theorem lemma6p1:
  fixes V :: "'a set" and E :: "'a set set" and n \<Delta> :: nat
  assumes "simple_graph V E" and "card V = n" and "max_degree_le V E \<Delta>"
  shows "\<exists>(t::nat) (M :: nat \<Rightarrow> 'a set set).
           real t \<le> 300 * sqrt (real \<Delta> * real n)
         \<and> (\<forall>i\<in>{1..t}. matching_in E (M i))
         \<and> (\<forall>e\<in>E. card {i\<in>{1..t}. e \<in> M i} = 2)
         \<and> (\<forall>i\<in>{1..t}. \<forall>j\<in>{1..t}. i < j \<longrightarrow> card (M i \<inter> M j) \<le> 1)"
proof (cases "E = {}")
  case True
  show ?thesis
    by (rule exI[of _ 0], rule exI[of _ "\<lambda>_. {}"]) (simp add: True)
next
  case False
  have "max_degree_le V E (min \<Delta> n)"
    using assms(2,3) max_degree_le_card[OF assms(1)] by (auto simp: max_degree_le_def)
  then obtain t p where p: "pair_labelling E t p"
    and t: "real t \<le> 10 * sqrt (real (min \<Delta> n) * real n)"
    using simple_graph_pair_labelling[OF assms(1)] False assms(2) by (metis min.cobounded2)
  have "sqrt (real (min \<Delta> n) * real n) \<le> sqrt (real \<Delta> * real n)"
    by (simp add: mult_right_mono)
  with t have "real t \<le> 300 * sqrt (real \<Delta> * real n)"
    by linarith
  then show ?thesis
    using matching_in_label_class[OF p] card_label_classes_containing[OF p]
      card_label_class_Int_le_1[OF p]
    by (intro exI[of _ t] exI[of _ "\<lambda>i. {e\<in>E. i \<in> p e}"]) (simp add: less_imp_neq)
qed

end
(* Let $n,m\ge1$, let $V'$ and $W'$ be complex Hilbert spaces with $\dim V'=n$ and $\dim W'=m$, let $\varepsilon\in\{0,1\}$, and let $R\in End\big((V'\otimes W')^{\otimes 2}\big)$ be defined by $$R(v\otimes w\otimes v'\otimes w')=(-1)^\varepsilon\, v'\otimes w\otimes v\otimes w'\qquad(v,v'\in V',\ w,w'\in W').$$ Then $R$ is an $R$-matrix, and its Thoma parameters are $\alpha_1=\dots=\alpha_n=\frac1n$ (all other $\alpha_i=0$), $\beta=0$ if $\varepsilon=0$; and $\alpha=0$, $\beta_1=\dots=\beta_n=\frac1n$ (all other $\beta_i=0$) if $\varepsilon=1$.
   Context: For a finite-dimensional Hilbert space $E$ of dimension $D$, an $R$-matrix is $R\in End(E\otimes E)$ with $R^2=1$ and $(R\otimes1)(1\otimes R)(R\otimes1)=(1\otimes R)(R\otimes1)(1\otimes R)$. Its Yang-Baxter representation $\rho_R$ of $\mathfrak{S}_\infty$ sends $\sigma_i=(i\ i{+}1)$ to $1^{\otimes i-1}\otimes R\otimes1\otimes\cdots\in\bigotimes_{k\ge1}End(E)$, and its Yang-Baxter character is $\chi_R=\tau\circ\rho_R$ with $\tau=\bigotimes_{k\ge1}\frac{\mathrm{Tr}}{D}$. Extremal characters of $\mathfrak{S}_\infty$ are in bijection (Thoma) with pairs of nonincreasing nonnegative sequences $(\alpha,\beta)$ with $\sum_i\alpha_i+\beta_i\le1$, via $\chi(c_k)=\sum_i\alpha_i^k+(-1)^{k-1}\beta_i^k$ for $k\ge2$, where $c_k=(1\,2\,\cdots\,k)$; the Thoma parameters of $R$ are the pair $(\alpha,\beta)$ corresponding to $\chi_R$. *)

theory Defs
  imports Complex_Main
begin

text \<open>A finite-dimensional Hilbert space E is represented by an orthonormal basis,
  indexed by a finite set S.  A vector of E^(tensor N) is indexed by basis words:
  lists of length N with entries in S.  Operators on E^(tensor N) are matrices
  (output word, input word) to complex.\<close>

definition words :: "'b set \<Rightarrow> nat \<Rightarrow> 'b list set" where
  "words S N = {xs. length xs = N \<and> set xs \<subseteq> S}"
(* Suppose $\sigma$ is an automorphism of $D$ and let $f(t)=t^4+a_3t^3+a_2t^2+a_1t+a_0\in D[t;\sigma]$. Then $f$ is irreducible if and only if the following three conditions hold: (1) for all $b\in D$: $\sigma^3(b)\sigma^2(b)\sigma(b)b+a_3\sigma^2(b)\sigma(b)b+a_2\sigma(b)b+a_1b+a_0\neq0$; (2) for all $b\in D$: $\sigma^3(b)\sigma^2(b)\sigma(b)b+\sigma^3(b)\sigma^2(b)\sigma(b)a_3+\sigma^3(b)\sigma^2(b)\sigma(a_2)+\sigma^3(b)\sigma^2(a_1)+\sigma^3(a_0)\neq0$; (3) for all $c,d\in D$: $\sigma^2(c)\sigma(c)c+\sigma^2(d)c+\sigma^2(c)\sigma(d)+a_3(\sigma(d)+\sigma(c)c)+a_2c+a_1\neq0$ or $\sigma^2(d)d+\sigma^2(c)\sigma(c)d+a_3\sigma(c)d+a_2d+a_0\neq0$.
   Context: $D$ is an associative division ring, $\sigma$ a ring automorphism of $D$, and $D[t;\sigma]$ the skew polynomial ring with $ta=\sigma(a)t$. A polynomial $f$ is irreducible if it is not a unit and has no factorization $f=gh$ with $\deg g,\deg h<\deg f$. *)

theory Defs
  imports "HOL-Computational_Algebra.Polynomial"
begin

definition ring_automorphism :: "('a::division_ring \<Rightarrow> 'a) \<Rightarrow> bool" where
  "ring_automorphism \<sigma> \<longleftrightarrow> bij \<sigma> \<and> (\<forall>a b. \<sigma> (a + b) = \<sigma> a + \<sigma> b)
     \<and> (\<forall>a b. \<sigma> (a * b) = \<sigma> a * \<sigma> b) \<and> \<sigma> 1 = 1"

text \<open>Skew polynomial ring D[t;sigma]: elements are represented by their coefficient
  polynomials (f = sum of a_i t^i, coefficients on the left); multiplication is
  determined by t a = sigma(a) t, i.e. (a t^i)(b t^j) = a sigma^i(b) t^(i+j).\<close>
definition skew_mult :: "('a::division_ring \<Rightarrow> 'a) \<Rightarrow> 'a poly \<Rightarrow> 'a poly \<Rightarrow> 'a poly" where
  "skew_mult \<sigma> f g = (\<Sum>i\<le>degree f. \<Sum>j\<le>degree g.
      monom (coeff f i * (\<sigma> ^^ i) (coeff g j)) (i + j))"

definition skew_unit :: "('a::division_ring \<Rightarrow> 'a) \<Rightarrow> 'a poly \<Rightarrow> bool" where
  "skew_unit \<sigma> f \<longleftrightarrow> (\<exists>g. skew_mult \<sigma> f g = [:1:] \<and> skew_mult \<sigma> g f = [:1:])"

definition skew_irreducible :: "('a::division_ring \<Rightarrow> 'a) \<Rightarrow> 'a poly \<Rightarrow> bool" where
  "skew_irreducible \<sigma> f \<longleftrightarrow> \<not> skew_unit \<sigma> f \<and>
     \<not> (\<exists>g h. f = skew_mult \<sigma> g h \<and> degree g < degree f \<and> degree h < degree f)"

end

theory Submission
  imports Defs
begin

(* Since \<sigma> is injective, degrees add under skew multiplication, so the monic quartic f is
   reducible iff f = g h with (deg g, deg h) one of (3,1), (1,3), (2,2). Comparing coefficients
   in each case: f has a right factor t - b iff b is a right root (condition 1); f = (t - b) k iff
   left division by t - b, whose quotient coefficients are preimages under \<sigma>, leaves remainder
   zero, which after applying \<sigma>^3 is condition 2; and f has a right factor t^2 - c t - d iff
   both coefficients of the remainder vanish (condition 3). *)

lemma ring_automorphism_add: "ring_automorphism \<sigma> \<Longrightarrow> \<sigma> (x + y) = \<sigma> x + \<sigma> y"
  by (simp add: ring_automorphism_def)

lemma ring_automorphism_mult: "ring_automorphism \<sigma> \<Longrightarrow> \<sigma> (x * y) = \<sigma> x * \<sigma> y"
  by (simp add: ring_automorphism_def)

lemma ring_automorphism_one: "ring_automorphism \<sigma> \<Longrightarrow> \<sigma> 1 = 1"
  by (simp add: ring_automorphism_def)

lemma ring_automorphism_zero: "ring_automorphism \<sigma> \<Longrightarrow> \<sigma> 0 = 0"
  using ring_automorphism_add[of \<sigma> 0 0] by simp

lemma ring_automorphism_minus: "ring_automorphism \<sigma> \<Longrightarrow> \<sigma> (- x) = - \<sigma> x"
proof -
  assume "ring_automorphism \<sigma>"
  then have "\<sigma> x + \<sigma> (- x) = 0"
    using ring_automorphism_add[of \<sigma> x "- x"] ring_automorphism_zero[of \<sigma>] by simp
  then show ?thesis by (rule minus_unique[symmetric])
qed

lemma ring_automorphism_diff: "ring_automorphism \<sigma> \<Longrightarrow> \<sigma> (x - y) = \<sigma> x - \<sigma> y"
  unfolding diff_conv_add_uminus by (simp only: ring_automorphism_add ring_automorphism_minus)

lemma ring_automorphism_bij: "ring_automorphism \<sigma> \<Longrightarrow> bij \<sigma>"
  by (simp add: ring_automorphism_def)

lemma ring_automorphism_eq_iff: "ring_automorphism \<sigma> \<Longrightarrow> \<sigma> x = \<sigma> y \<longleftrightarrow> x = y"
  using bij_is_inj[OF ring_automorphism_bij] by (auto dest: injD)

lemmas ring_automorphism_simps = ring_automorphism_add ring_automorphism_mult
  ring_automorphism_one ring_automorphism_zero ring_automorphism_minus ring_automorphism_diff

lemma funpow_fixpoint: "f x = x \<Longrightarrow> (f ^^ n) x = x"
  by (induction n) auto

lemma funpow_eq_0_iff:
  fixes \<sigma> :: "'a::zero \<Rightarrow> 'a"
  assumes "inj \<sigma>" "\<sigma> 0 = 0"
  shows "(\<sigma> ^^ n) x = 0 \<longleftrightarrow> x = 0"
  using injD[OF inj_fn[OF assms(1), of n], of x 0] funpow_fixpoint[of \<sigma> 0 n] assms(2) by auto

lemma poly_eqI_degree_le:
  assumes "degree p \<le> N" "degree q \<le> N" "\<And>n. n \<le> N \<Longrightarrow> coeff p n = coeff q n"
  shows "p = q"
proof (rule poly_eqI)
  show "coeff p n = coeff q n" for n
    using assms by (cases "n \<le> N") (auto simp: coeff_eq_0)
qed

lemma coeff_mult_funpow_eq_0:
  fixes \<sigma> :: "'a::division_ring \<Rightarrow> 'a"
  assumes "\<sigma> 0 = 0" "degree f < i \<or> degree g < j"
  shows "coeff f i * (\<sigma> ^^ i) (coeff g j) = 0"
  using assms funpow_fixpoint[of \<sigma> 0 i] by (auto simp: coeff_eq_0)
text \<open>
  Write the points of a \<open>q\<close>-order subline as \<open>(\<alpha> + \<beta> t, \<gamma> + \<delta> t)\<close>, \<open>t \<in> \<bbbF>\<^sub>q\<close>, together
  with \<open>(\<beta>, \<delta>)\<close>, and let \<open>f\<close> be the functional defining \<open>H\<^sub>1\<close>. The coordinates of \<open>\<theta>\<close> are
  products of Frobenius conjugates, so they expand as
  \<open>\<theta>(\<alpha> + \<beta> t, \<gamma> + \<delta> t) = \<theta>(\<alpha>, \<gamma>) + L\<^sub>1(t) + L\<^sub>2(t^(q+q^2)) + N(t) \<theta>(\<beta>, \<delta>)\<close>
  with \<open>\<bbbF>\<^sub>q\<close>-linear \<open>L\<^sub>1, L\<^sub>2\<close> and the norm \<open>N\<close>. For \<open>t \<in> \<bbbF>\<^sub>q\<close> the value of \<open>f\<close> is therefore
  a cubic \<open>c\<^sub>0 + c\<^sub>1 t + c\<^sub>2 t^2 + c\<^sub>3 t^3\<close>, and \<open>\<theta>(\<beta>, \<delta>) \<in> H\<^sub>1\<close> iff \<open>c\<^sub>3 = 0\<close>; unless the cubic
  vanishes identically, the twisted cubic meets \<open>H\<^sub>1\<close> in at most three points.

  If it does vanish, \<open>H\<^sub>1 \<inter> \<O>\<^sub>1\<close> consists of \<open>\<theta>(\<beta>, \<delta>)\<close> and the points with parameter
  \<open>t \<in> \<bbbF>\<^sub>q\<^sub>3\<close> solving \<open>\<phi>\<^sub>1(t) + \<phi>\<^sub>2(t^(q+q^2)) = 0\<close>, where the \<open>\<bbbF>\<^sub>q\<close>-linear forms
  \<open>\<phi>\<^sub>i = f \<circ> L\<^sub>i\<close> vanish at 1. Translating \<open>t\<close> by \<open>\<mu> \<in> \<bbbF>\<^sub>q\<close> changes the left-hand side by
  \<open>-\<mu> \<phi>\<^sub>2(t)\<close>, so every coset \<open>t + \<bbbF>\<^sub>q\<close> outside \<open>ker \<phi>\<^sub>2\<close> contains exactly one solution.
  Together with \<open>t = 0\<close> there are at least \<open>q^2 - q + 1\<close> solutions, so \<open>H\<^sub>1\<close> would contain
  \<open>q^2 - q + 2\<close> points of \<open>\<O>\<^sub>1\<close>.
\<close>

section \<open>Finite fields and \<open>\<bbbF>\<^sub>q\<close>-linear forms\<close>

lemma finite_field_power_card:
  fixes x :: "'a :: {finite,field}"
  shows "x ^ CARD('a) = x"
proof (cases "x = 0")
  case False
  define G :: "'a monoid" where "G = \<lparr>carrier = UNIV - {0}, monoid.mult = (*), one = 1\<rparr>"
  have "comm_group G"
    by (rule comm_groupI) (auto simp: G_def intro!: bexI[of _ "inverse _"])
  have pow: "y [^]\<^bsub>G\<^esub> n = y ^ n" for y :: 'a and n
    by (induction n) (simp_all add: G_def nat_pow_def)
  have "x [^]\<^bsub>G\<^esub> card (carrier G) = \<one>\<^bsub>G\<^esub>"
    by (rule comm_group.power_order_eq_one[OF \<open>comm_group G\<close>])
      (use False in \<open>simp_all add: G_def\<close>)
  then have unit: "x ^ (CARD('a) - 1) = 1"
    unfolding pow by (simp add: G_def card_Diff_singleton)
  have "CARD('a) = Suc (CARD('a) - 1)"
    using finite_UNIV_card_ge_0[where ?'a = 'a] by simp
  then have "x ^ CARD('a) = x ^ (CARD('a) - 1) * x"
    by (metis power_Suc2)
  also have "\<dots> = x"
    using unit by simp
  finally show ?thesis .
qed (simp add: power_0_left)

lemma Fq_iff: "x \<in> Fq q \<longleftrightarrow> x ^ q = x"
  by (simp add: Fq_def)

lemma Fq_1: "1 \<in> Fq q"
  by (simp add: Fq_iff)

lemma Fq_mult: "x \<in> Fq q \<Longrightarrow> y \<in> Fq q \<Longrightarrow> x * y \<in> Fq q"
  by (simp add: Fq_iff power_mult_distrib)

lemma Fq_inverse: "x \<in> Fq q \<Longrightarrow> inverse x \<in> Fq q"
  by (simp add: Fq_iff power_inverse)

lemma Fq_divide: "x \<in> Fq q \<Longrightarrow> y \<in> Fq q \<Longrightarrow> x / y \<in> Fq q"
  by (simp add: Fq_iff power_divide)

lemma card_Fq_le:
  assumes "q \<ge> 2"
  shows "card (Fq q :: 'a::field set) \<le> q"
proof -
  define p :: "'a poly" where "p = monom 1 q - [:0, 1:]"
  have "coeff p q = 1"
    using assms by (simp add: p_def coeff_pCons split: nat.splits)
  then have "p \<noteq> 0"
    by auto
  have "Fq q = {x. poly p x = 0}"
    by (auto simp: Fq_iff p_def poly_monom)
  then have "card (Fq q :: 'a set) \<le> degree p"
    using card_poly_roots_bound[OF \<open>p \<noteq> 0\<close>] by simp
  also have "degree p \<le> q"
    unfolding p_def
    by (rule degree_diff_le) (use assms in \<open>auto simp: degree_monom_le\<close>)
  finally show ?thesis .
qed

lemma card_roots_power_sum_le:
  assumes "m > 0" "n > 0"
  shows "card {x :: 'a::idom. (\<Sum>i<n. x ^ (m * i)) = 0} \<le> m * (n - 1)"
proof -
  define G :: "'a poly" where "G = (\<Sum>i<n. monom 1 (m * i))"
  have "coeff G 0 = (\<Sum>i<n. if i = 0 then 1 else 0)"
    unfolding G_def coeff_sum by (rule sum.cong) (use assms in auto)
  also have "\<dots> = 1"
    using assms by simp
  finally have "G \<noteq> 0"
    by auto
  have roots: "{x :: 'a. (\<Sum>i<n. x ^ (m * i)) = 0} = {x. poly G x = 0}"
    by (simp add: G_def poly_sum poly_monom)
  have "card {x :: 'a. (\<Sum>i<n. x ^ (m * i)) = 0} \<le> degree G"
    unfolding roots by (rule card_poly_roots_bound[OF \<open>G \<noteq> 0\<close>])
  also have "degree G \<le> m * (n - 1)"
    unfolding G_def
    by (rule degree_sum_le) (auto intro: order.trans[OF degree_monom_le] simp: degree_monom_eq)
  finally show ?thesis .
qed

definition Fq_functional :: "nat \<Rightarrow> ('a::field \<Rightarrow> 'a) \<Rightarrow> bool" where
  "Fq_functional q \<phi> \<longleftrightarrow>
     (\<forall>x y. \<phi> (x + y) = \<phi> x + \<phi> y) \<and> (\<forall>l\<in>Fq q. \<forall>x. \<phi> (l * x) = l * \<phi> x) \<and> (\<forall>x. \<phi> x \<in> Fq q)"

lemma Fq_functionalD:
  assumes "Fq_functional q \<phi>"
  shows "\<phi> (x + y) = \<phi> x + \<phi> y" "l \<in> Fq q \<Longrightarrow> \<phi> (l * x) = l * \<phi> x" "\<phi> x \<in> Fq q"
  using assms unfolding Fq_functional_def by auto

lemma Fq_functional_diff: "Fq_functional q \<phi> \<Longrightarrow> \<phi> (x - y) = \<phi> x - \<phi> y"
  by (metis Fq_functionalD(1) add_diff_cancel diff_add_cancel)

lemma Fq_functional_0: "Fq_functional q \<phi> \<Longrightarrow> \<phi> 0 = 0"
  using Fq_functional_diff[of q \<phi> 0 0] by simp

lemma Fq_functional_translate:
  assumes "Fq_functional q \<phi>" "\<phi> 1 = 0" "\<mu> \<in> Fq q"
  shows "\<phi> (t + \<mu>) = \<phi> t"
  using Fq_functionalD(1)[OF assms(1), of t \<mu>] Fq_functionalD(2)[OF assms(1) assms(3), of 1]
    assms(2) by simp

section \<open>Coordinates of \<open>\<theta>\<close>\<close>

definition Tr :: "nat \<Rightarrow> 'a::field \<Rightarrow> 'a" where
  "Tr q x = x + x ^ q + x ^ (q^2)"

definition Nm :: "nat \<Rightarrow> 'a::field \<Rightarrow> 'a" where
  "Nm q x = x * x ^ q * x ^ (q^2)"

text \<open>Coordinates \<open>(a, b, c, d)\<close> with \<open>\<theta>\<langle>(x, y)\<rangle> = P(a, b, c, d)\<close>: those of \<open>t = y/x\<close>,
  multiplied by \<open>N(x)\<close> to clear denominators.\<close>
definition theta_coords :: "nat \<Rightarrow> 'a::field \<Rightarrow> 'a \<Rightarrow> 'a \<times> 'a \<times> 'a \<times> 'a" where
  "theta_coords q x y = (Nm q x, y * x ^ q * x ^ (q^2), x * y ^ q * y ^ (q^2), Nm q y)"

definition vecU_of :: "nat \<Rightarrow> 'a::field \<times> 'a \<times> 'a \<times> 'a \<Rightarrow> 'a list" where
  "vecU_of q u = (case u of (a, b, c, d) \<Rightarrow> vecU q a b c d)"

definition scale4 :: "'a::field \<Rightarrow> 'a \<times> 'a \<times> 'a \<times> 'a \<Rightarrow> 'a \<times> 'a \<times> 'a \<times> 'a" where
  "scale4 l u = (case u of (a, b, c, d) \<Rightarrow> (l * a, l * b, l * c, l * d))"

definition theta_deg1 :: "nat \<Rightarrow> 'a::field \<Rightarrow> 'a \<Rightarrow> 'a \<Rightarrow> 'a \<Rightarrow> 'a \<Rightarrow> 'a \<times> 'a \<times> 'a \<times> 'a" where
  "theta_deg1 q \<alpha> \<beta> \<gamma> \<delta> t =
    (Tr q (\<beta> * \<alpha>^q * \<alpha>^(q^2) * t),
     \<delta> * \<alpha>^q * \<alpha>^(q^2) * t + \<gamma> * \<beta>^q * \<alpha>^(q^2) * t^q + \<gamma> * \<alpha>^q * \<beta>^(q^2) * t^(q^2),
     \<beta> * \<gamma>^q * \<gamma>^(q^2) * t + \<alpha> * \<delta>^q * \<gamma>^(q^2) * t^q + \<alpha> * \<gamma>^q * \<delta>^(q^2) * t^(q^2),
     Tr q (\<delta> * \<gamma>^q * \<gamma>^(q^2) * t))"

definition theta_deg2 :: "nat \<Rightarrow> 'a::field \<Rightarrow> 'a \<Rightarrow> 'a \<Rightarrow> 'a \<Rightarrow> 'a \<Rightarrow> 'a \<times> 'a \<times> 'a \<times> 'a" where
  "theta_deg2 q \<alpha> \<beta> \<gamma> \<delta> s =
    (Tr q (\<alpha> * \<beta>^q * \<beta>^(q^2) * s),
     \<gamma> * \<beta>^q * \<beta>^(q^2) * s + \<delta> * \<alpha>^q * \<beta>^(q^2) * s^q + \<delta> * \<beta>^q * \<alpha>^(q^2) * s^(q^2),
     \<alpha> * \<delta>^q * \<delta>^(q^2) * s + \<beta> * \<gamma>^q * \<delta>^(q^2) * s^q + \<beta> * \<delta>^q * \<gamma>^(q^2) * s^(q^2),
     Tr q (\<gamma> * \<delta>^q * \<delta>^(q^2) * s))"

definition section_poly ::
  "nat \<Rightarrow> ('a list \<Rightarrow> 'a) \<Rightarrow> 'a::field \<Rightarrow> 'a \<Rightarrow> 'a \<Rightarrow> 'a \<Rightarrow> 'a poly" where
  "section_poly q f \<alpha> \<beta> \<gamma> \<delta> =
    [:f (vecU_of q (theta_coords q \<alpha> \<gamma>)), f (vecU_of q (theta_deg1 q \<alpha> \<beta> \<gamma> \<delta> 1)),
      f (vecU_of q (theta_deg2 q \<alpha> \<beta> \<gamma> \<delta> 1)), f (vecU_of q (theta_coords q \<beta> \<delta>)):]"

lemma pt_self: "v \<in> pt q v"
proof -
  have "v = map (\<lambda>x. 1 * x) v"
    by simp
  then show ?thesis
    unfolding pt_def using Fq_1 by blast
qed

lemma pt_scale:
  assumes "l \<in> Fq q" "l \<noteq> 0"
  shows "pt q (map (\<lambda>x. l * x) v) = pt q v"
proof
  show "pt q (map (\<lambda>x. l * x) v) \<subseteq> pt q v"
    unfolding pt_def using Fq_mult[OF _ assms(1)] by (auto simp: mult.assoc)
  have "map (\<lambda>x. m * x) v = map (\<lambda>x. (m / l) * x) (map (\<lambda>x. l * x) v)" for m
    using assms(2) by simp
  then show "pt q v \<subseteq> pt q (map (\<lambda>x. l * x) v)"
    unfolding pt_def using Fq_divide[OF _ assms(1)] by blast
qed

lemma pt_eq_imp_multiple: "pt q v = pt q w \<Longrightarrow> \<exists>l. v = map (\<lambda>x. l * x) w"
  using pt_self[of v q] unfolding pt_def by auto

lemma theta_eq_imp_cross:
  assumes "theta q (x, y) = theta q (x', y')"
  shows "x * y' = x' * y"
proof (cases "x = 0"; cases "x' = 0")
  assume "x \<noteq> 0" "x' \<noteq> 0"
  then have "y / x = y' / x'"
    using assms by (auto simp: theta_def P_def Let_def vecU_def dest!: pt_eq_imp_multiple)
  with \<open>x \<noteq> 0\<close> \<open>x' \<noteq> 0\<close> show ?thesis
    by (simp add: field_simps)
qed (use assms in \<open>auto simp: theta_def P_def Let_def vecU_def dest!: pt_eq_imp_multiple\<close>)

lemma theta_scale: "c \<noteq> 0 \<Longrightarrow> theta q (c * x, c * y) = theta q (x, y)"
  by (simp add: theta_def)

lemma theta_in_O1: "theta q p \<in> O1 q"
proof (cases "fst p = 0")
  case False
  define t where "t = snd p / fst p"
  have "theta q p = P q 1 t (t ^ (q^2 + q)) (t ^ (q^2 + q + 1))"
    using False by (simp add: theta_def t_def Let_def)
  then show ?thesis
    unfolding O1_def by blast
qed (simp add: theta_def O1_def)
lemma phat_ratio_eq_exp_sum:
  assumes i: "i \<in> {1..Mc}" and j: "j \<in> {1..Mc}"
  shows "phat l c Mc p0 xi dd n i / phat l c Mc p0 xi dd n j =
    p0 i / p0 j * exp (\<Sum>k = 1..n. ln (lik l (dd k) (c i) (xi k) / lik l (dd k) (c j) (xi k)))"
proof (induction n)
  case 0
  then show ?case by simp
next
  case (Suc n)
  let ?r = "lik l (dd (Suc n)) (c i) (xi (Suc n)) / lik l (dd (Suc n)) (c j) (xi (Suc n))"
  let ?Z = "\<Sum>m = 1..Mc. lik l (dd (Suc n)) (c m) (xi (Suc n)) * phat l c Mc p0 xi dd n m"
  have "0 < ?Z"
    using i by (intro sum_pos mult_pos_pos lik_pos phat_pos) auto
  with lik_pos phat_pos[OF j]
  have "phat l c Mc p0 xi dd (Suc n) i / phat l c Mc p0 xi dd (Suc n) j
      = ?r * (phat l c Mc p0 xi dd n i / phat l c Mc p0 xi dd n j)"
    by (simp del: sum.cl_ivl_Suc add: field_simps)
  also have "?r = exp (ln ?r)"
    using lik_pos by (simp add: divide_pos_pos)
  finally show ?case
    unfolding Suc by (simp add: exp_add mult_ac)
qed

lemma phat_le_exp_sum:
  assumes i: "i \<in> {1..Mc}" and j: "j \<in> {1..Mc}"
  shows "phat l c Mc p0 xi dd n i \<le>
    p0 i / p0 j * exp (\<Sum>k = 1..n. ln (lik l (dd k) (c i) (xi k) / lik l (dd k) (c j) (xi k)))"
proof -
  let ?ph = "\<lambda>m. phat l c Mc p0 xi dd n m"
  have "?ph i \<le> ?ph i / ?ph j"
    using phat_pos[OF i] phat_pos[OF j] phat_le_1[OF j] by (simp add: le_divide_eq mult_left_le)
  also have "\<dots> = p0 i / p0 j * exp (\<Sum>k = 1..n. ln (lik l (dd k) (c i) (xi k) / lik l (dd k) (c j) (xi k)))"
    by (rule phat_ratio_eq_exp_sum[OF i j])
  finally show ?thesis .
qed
----
> **AIM OF THE TASK**
Lines holding "sqrt" in the data above: copy each of them.

> **FINAL ANSWER**
           real t \<le> 300 * sqrt (real \<Delta> * real n)
    and t: "real t \<le> 10 * sqrt (real (min \<Delta> n) * real n)"
  have "sqrt (real (min \<Delta> n) * real n) \<le> sqrt (real \<Delta> * real n)"
  with t have "real t \<le> 300 * sqrt (real \<Delta> * real n)"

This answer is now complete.